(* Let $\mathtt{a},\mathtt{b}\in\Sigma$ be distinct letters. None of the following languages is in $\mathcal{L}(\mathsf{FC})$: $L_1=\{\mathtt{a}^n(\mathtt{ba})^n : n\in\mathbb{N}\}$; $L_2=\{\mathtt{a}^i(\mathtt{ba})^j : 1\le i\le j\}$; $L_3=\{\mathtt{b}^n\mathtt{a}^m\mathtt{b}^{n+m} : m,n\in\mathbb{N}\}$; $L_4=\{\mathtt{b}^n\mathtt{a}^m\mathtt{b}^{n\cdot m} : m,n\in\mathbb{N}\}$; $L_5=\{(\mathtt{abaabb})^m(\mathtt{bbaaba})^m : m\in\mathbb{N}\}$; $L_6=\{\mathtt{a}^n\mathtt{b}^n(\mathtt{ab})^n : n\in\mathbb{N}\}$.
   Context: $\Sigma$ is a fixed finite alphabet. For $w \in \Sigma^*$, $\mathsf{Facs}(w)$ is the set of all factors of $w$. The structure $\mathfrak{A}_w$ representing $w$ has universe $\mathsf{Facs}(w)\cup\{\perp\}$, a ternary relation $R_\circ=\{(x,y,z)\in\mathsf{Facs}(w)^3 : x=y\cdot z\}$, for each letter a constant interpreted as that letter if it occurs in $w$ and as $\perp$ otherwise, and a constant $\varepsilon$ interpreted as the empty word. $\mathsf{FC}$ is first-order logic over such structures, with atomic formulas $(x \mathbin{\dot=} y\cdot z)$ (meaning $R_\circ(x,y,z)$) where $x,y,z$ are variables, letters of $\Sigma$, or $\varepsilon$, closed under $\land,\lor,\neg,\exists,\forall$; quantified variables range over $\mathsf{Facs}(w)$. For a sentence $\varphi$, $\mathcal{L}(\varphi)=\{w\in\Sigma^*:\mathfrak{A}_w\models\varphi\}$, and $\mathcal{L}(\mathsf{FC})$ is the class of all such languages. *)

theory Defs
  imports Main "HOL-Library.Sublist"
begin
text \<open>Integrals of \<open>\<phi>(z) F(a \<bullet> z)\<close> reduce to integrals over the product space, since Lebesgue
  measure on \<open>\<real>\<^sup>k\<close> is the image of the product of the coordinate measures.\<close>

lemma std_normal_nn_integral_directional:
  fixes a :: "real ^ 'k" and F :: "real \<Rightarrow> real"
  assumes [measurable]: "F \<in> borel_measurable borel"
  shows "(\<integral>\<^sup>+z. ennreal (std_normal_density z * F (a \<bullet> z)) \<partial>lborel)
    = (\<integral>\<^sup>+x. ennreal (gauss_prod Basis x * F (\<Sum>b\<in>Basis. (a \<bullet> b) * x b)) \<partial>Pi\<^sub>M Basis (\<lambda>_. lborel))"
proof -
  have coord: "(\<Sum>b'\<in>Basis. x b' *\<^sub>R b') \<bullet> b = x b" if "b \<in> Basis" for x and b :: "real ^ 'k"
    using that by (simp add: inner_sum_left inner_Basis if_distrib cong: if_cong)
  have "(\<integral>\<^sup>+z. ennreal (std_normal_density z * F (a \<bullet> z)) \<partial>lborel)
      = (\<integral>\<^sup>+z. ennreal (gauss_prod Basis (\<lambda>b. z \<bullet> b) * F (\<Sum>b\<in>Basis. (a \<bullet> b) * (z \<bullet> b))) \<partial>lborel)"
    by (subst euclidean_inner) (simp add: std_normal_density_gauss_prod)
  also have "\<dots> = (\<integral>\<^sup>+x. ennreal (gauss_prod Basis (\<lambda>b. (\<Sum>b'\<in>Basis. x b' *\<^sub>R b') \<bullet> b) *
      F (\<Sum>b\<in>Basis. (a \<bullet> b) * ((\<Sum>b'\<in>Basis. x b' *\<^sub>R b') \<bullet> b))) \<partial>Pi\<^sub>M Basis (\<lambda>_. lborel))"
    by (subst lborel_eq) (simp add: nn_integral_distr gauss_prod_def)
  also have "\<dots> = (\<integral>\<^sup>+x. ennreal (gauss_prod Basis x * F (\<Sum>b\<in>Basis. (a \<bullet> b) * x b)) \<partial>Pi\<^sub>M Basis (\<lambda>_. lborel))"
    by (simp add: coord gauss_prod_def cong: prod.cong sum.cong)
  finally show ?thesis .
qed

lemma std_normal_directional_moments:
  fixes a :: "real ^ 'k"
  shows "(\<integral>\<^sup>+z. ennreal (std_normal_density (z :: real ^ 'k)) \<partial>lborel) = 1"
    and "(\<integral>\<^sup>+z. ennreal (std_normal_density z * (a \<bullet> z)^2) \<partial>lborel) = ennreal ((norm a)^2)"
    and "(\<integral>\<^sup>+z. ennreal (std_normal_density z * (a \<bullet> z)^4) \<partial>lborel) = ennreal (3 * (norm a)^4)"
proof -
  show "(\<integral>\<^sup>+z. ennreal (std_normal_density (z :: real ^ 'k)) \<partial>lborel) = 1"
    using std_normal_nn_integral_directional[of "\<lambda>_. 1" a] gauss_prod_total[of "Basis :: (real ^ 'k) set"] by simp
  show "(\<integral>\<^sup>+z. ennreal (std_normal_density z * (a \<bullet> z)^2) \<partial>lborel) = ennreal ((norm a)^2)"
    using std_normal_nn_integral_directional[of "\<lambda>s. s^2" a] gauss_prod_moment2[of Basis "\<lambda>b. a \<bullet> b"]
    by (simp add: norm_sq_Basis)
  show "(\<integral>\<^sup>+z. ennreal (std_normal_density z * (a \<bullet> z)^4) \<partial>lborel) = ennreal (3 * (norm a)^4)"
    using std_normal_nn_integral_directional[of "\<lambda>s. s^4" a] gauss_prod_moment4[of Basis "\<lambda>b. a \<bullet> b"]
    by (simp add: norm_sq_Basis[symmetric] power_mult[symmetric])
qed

******************************

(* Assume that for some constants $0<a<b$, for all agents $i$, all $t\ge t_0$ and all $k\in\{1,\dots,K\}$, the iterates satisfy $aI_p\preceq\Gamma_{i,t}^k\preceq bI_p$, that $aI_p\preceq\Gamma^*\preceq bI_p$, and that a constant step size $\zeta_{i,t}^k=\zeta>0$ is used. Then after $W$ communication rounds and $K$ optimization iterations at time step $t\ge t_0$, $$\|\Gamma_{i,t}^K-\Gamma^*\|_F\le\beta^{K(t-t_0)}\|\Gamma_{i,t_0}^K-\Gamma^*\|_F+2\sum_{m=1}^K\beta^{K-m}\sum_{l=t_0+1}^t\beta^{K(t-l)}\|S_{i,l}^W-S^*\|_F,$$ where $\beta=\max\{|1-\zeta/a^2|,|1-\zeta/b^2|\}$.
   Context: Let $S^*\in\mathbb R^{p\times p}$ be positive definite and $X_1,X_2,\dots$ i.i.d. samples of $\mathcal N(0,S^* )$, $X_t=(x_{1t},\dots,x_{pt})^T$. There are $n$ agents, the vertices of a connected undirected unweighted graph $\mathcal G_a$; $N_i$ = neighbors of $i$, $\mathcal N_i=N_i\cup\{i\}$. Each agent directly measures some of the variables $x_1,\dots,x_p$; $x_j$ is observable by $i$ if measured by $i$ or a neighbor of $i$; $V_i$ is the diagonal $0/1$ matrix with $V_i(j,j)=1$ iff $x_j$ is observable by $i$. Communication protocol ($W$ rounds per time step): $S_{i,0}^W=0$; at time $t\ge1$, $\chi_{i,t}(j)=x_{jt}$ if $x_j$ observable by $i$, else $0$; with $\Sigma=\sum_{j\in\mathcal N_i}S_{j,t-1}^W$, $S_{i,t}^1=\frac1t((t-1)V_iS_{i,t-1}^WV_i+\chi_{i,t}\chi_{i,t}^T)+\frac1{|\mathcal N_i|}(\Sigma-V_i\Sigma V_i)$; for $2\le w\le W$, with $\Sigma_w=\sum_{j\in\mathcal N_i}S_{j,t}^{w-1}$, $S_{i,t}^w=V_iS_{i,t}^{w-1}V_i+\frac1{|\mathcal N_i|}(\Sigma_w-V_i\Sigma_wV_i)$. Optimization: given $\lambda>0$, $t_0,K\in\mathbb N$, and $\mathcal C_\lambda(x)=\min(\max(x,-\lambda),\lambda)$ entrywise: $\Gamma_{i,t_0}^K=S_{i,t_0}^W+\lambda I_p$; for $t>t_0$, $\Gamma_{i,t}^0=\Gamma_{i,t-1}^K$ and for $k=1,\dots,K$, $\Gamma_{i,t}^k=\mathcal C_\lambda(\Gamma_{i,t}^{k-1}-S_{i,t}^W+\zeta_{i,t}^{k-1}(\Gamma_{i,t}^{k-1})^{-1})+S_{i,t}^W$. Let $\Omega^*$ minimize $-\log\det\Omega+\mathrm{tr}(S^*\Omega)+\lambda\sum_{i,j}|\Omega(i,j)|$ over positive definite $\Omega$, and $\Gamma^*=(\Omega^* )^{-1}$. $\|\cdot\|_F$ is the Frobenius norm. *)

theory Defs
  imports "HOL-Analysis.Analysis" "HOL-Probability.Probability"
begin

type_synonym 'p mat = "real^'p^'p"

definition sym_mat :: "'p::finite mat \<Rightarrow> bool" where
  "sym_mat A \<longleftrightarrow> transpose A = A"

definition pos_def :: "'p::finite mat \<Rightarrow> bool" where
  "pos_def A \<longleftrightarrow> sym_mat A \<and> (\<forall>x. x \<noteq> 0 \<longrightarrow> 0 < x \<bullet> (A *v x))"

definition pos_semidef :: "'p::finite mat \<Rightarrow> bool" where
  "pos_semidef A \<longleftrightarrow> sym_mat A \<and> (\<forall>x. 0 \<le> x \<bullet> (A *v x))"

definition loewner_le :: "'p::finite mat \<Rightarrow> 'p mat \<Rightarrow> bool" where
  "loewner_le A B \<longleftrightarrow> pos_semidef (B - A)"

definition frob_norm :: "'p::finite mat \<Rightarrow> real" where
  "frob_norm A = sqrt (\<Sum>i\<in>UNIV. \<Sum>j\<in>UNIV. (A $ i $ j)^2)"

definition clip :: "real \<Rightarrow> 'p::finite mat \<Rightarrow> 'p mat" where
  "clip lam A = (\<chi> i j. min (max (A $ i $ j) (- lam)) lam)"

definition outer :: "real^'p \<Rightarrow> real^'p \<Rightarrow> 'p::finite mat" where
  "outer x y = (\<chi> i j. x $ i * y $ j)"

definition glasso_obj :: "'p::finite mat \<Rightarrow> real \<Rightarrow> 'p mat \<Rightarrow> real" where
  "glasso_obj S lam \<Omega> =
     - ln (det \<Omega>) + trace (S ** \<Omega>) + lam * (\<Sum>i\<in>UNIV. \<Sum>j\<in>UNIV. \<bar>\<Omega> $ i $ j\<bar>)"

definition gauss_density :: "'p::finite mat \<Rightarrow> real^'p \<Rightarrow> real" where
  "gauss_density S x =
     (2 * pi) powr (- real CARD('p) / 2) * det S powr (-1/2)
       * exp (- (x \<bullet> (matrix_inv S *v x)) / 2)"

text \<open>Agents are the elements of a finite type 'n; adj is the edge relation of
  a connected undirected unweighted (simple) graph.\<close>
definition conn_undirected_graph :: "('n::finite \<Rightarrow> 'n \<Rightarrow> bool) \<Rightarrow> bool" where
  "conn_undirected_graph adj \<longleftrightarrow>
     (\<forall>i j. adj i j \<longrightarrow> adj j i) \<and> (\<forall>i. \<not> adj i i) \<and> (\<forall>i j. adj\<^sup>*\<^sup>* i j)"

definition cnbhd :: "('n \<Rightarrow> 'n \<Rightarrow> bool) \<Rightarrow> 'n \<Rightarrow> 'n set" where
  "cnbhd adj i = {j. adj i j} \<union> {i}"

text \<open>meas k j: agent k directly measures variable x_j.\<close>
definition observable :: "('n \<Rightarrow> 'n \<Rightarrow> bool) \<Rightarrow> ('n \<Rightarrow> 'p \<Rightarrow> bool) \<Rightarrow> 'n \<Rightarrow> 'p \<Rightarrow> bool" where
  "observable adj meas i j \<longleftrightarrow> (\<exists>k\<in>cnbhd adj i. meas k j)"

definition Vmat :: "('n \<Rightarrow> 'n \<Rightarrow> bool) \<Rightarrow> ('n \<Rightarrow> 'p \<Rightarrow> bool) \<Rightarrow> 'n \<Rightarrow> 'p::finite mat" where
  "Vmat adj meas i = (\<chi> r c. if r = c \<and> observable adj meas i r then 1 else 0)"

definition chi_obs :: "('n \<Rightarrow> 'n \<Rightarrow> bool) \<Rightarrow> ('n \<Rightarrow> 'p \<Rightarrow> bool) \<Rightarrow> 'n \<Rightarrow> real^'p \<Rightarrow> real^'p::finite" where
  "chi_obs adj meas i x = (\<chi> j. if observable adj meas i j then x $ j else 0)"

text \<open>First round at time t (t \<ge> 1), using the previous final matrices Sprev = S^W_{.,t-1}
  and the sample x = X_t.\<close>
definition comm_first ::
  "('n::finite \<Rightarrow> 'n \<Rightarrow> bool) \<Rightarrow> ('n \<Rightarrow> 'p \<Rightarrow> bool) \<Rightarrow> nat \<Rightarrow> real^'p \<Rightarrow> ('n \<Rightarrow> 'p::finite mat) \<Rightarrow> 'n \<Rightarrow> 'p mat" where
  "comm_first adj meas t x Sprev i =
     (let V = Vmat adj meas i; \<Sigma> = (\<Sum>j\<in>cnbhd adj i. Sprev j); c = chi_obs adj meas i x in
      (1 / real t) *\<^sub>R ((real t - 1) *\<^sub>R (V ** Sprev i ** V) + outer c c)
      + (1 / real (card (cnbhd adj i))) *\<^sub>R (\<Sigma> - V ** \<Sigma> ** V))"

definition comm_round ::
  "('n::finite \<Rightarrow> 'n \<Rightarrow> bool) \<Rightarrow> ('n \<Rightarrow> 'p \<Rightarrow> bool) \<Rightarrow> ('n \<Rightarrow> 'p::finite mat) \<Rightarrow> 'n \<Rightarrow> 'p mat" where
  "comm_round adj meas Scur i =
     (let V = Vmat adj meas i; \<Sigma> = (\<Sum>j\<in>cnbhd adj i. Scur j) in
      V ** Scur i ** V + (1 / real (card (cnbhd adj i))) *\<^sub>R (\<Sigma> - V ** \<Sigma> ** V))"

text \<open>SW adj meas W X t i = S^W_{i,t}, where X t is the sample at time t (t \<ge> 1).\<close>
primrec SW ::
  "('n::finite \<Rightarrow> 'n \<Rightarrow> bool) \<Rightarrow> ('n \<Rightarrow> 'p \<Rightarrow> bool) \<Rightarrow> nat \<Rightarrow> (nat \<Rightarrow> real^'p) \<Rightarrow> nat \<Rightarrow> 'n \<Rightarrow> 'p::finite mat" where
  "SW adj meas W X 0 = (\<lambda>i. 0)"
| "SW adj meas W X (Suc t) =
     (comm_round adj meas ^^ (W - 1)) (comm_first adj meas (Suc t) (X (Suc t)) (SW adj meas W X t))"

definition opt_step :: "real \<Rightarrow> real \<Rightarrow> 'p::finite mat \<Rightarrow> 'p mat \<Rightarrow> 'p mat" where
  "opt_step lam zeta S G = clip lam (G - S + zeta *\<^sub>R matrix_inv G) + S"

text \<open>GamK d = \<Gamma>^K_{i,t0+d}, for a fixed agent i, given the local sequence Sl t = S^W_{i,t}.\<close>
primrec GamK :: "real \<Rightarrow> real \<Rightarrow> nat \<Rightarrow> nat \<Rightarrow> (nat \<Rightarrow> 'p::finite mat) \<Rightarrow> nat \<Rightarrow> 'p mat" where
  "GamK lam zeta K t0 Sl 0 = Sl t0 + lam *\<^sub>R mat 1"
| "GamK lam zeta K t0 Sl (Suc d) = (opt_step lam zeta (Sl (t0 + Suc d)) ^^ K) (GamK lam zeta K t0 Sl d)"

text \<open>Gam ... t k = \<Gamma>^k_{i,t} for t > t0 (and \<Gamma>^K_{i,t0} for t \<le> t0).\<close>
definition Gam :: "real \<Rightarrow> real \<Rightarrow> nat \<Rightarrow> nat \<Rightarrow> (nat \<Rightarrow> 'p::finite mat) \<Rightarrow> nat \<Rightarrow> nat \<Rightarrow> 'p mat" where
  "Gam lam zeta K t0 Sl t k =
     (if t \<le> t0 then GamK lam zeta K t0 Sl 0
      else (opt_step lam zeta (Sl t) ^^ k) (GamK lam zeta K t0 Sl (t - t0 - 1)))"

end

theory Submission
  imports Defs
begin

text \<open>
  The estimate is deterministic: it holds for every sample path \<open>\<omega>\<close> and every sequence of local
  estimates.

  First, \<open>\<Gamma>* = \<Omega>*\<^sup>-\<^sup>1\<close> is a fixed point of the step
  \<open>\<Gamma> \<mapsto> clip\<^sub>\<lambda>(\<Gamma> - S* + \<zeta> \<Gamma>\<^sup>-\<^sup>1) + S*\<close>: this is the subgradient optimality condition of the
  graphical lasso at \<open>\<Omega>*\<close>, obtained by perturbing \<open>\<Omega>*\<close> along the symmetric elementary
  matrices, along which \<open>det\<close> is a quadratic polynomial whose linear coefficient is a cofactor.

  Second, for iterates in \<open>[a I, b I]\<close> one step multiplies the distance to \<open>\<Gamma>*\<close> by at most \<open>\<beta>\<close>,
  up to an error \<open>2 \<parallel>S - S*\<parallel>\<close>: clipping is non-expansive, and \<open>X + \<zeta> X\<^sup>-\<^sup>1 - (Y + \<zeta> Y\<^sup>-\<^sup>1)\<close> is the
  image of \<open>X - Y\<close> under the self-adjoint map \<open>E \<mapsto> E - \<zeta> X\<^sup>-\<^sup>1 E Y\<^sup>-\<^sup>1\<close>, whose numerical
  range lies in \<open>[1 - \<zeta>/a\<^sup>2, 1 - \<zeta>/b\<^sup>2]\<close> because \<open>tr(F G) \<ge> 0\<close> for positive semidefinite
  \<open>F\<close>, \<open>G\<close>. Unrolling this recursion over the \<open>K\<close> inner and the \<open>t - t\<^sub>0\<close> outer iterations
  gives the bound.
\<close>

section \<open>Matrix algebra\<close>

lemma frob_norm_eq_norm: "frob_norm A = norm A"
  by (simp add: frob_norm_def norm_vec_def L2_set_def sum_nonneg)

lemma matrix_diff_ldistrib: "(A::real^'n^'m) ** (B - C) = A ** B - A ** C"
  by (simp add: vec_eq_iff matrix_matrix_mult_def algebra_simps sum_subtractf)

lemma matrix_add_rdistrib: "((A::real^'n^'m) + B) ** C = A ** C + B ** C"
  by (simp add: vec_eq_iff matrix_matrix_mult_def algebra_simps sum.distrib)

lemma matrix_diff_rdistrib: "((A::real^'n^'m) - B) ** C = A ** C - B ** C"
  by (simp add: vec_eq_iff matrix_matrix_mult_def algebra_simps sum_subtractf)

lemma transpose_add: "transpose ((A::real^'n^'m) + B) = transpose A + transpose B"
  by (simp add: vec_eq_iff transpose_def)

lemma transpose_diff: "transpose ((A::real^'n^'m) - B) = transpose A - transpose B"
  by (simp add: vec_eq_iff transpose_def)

******************************

__What this task involves__. Please, from the material above, copy only the lines from the line with "range lies in" up to and including the line with "t\<^sub>0\<close> outer iterations", exactly as written.

__Response to this exercise__.
  range lies in \<open>[1 - \<zeta>/a\<^sup>2, 1 - \<zeta>/b\<^sup>2]\<close> because \<open>tr(F G) \<ge> 0\<close> for positive semidefinite
  \<open>F\<close>, \<open>G\<close>. Unrolling this recursion over the \<open>K\<close> inner and the \<open>t - t\<^sub>0\<close> outer iterations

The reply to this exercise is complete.